My impression is that act-based approaches are good for human replacements, but not good for human meta-replacements. That is, if we consider the problem of fulfilling orders in an Amazon warehouse, we have a number of different problems:

  1. Move a worker and a crate of goods adjacent to each other.

  2. Move a single good from the crate to the order box.

  3. Organize the facility to make the above two as cost-efficient as possible.

The first is already replaced by robots, the second seems like a good candidate for imitation (we need robot eyes and robot hands that are about as good as human eyes and hands, and they can work basically the same way) / low-level control theory.

But the third is a problem of cost functions, models, simuation, calculation, and possibility enumeration. It's where creativity most comes into play, and that's something I'm pessimistic about getting out of interpolative systems instead of extrapolative systems.

There are still major gains made by the reduced scope--a warehouse management system seems easier to make safe than a generic moneymaker--but I think there's a fundamental connection between the opportunity and danger of AI (the ability to extrapolate into previously unseen realms).

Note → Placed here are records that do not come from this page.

definition ufc_data ::
  "'l set \<Rightarrow> 'l \<Rightarrow> ('l \<Rightarrow> real) \<Rightarrow> ('l \<Rightarrow> 'l \<Rightarrow> 'l \<Rightarrow> bool)
   \<Rightarrow> ('l \<Rightarrow> 'l \<Rightarrow> 'l \<Rightarrow> 'l \<Rightarrow> 'l \<Rightarrow> 'l \<Rightarrow> complex) \<Rightarrow> bool" where
"ufc_data L u d adm F \<longleftrightarrow>
   finite L \<and> u \<in> L \<and>
   (\<forall>a b c. adm a b c \<longrightarrow> a \<in> L \<and> b \<in> L \<and> c \<in> L) \<and>
   (\<forall>a b c. adm a b c \<longrightarrow> adm b a c \<and> adm a c b) \<and>
   (\<forall>a\<in>L. \<forall>b\<in>L. adm u a b \<longleftrightarrow> a = b) \<and>
   (\<forall>a\<in>L. d a > 0) \<and> d u = 1 \<and>
   (\<forall>a\<in>L. \<forall>b\<in>L. d a * d b = (\<Sum>c\<in>{c\<in>L. adm a b c}. d c)) \<and>
   (\<forall>a b c e n m. F a b c e n m \<noteq> 0 \<longrightarrow>
        adm b c n \<and> adm a n e \<and> adm a b m \<and> adm m c e) \<and>
   (\<forall>a\<in>L. \<forall>b\<in>L. \<forall>c\<in>L. \<forall>e\<in>L. \<forall>m\<in>L. \<forall>m'\<in>L.
        adm a b m \<and> adm m c e \<and> adm a b m' \<and> adm m' c e \<longrightarrow>
        (\<Sum>n\<in>L. cnj (F a b c e n m) * F a b c e n m') = (if m = m' then 1 else 0)) \<and>
   (\<forall>a\<in>L. \<forall>b\<in>L. \<forall>c\<in>L. \<forall>e\<in>L. \<forall>n\<in>L. \<forall>n'\<in>L.
        adm b c n \<and> adm a n e \<and> adm b c n' \<and> adm a n' e \<longrightarrow>
        (\<Sum>m\<in>L. F a b c e n m * cnj (F a b c e n' m)) = (if n = n' then 1 else 0)) \<and>
   (\<forall>a\<in>L. \<forall>b\<in>L. \<forall>c\<in>L. \<forall>x\<in>L. \<forall>e\<in>L. \<forall>p\<in>L. \<forall>q\<in>L. \<forall>r\<in>L. \<forall>s\<in>L.
        F p c x e r q * F a b r e s p =
        (\<Sum>t\<in>L. F a b c q t p * F a t x e s q * F b c x s r t)) \<and>
   (\<forall>a\<in>L. \<forall>b\<in>L. \<forall>c\<in>L. adm a b c \<longrightarrow>
        F u a b c c a = 1 \<and> F a u b c b a = 1 \<and> F a b u c b c = 1) \<and>
   (\<forall>a\<in>L. \<forall>b\<in>L. \<forall>c\<in>L. \<forall>e\<in>L. \<forall>n\<in>L. \<forall>m\<in>L.
        F e c b a n m = cnj (F a b c e n m) \<and>
        F b a e c n m = cnj (F a b c e n m) \<and>
        F a m c n e b * complex_of_real (sqrt (d n * d m))
          = cnj (F a b c e n m) * complex_of_real (sqrt (d e * d b)))"

text \<open>Indices (a,b) of the basis vectors v^{ab}_i of V_i, and the carrier of V_i
(coefficient vectors).\<close>
definition Vidx :: "'l set \<Rightarrow> ('l \<Rightarrow> 'l \<Rightarrow> 'l \<Rightarrow> bool) \<Rightarrow> 'l \<Rightarrow> ('l \<times> 'l) set" where
"Vidx L adm i = {(a,b). a \<in> L \<and> b \<in> L \<and> adm a i b}"

definition Vmod :: "'l set \<Rightarrow> ('l \<Rightarrow> 'l \<Rightarrow> 'l \<Rightarrow> bool) \<Rightarrow> 'l \<Rightarrow> ('l \<times> 'l \<Rightarrow> complex) set" where
"Vmod L adm i = {x. \<forall>z. x z \<noteq> 0 \<longrightarrow> z \<in> Vidx L adm i}"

Some things can be done by imitation based on our current understanding (and will get better as machine learning improves). The interesting part of the project is figuring out how to do the trickier things, which will require new ideas.

It's not clear that imitation impairs your ability to generalize to new domains. An RL agent faces the question: in this new domain, how should I behave to receive rewards? It has not been trained in the domain, but must learn to reason about the domain and figure out what policies will work well. An imitation learner faces the question: in this new domain, how would the expert behave / what behavior would they approve of? The two questions seem similar in difficulty, and indeed you could use the same algorithmic ingredients.

It's also not clear that it's relevant if a task involves thinking about cost functions, models, simulation, calculation, etc... These are techniques one could apply either to achieve a high reward, or to produce actions the expert would approve of / like / do themselves. You might say that at that point these rich internal behaviors must be guided by some non-trivial internal dynamic. But then we will just have the same discussion a level lower.

Minor naming feedback. You switched from calling something "supervised learning" to "reinforcement learning". The first images that come to my mind when I hear "reinforcement learning" are TD-Gammon and reward signals. So, when I read "reinforcement learning", I first think of a computer getting smarter through iterative navel-gazing, then think of a computer trying to wirehead itself, then stumble to the meaning I think you intend. I am a lay reader.